▸ **The problem**
Check each line of the records below for the word "unfolding" and copy those where it appears.

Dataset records
=== Section Start ===

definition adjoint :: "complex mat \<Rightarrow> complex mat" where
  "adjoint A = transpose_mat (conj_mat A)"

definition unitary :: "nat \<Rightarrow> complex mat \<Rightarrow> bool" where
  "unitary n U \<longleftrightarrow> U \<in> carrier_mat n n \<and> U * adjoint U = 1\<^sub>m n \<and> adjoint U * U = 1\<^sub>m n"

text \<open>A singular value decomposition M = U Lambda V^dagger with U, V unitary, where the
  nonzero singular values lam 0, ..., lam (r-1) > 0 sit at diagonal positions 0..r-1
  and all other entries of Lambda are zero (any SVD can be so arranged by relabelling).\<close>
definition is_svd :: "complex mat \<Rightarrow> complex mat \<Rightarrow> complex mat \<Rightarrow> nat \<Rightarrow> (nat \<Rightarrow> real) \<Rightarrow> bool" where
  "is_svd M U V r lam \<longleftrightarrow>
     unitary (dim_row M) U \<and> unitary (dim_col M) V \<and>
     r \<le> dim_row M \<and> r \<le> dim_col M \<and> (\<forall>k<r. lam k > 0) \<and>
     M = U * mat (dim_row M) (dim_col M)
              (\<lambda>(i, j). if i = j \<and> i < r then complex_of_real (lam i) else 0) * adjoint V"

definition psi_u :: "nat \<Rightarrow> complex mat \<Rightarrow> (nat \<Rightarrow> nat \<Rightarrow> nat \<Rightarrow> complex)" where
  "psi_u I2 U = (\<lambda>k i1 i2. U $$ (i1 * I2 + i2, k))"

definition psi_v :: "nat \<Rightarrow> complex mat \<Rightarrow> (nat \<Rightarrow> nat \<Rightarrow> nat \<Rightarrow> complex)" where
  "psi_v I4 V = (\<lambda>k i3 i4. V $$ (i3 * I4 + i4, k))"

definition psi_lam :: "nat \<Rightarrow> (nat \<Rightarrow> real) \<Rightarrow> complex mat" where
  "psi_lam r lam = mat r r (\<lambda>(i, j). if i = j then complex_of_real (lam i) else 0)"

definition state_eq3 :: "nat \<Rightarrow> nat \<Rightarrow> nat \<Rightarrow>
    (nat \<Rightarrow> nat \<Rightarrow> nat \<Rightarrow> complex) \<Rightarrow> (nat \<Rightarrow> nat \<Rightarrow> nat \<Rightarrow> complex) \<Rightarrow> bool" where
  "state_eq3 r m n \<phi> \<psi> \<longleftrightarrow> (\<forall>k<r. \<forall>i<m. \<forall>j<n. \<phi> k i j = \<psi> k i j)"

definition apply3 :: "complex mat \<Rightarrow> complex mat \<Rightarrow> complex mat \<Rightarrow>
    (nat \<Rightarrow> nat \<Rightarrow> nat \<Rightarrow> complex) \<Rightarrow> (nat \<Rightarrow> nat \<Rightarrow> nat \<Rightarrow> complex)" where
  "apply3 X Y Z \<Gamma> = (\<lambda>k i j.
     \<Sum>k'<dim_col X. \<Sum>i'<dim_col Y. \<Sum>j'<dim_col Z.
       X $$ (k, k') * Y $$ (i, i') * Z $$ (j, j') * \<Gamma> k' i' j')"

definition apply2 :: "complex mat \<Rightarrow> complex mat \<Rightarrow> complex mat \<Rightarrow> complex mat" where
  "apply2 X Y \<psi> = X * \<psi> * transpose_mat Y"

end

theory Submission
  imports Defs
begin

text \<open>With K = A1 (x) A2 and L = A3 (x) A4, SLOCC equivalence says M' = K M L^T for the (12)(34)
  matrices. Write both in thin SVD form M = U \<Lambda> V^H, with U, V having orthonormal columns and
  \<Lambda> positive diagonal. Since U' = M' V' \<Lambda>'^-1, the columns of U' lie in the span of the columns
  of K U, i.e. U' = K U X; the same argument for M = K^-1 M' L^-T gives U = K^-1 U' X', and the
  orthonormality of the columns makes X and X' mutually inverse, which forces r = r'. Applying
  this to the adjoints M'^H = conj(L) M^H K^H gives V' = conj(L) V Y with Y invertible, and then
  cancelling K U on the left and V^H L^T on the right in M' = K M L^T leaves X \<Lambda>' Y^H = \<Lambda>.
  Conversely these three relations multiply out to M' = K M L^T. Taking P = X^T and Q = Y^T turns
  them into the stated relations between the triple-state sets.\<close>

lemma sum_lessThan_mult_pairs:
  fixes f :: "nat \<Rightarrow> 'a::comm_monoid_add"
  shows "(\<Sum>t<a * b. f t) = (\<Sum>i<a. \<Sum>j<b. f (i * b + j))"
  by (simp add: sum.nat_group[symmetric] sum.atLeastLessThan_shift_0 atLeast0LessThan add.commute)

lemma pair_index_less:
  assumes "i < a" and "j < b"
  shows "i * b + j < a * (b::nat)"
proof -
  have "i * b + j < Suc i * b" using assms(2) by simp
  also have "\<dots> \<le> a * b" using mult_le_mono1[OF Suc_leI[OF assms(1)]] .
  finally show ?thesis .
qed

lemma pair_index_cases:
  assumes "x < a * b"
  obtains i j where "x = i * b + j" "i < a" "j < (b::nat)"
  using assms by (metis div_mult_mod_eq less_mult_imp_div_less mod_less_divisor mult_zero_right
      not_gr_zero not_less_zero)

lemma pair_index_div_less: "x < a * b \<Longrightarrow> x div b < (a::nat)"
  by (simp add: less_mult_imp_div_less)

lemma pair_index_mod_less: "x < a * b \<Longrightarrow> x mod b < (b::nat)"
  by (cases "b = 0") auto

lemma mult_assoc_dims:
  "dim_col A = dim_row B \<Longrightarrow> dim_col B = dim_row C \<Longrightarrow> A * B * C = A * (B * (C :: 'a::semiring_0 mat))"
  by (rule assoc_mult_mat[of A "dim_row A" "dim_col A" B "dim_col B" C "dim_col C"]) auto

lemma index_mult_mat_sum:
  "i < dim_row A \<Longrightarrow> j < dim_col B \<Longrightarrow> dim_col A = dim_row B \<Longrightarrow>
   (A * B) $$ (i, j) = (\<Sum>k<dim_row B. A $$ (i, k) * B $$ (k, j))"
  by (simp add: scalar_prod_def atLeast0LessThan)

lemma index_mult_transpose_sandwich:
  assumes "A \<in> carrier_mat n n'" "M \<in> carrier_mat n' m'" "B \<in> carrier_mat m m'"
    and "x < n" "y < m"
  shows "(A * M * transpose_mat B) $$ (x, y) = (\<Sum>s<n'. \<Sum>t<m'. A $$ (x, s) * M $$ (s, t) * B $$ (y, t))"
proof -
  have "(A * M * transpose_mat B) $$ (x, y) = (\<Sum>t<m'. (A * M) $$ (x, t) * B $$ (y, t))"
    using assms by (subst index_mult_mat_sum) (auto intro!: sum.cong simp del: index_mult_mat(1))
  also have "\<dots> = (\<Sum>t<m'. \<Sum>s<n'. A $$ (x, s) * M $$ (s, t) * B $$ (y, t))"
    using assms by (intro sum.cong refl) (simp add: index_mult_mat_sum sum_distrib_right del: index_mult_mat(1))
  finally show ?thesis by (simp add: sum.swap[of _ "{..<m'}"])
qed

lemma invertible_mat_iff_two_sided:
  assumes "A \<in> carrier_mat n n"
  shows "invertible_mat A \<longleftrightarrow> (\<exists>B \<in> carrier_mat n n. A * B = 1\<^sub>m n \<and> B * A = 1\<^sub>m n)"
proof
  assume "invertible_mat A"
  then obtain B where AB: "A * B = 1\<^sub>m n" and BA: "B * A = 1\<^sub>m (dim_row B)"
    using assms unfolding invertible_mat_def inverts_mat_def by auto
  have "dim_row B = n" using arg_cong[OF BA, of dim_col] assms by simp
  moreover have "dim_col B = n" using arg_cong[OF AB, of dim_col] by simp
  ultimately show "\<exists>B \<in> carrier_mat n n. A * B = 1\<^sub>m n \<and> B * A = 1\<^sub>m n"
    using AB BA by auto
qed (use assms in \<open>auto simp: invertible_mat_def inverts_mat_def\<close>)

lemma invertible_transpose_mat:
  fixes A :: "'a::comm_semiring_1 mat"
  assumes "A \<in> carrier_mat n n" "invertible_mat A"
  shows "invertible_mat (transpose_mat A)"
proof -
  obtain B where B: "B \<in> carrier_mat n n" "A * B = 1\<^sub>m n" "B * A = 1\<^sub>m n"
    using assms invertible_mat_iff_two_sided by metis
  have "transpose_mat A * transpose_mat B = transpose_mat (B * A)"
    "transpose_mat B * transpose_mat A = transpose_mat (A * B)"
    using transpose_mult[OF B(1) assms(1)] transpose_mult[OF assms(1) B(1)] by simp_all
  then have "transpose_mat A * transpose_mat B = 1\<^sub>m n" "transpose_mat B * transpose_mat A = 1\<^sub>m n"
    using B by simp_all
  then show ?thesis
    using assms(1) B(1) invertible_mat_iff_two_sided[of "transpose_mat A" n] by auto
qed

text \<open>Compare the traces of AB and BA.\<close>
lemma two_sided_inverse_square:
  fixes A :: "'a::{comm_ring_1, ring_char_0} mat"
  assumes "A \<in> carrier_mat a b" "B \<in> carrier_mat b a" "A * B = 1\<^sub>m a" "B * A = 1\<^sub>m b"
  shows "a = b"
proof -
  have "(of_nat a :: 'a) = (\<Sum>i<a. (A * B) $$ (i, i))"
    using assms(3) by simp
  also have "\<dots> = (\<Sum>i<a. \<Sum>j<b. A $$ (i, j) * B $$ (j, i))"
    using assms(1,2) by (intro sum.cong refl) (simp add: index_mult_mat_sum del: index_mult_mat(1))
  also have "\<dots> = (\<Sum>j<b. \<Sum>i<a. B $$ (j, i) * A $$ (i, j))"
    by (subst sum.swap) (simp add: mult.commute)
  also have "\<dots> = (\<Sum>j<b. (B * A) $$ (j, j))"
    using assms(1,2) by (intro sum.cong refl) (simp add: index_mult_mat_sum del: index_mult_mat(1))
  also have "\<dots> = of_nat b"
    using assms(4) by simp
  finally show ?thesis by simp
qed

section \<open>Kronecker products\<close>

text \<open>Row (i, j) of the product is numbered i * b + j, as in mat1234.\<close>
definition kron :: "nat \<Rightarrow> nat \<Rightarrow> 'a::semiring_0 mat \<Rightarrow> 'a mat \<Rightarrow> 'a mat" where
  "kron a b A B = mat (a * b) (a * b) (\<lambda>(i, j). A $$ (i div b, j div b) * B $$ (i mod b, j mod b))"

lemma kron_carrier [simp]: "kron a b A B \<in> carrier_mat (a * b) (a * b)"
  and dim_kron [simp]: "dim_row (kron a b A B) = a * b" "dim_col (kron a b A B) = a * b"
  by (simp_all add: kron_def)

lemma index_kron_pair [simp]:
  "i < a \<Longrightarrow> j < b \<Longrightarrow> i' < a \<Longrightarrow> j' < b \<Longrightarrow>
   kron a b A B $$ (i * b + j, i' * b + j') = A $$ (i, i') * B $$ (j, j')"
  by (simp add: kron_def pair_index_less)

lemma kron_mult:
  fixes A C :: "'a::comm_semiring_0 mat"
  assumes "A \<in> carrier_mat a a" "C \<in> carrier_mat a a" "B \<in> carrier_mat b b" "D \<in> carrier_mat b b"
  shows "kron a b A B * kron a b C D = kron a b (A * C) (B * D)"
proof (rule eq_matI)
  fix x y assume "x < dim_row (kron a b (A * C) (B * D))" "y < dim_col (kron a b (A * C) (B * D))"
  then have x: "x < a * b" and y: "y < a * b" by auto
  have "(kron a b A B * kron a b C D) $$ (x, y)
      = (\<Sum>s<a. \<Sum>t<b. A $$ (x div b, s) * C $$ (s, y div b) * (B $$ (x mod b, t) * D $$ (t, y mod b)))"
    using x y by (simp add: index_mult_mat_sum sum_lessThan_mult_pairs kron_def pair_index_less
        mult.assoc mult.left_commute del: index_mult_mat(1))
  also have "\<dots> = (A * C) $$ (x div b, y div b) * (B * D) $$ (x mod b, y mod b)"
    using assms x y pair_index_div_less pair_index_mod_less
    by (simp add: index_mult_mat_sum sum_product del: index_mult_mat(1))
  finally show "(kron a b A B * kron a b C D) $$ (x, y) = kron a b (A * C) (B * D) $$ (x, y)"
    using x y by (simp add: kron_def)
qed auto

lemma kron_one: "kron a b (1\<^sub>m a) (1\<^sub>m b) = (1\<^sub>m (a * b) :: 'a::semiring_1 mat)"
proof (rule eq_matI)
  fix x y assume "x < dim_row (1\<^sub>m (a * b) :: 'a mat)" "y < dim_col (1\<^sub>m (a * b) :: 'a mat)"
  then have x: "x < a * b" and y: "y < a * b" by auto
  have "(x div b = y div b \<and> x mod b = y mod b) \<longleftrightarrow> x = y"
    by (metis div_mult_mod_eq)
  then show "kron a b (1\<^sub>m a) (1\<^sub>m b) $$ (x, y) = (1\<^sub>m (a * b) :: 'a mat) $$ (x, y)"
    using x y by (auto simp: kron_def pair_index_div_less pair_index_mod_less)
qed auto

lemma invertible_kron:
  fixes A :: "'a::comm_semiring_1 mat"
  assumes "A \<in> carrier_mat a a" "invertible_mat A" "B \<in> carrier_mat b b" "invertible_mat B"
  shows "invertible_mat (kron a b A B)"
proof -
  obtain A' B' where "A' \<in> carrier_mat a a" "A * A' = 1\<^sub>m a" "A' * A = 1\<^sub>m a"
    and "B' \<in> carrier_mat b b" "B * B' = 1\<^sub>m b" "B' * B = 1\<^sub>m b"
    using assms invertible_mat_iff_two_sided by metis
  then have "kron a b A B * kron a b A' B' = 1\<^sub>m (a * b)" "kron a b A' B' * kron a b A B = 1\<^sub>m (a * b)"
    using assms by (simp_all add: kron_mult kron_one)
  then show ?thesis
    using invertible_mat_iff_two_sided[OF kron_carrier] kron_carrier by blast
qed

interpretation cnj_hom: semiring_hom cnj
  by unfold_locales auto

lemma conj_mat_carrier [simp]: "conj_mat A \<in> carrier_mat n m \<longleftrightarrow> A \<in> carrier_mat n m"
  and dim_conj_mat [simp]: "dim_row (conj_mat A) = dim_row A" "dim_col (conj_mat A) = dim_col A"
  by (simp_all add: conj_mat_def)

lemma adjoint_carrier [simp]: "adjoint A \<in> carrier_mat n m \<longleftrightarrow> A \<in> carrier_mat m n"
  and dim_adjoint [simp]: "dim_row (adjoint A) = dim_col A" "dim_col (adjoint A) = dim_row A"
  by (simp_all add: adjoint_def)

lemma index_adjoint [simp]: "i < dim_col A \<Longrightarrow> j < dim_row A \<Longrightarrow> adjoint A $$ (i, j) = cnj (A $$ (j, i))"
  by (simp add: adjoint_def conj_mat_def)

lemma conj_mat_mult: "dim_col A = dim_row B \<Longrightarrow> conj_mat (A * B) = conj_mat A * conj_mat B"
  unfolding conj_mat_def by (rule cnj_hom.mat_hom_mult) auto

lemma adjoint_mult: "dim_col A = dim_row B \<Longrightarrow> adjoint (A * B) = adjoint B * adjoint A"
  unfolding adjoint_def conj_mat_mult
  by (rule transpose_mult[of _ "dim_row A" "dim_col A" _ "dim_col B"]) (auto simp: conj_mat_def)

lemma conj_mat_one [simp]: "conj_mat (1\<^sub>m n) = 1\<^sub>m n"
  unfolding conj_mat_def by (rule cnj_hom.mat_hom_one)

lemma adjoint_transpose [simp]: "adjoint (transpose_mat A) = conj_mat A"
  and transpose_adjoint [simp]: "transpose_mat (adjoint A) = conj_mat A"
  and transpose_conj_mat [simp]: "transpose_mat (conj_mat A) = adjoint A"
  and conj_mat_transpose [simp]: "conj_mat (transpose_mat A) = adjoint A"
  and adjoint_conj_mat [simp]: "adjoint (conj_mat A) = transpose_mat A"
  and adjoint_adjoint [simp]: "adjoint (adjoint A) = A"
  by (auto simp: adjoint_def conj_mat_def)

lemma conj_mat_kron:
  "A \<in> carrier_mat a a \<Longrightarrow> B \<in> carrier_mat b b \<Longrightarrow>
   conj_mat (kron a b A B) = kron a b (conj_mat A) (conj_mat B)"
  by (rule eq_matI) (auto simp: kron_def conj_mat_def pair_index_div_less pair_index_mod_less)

=== Section End ===

▸ **Exercise response**
    using assms unfolding invertible_mat_def inverts_mat_def by auto
  unfolding conj_mat_def by (rule cnj_hom.mat_hom_mult) auto
  unfolding adjoint_def conj_mat_mult
  unfolding conj_mat_def by (rule cnj_hom.mat_hom_one)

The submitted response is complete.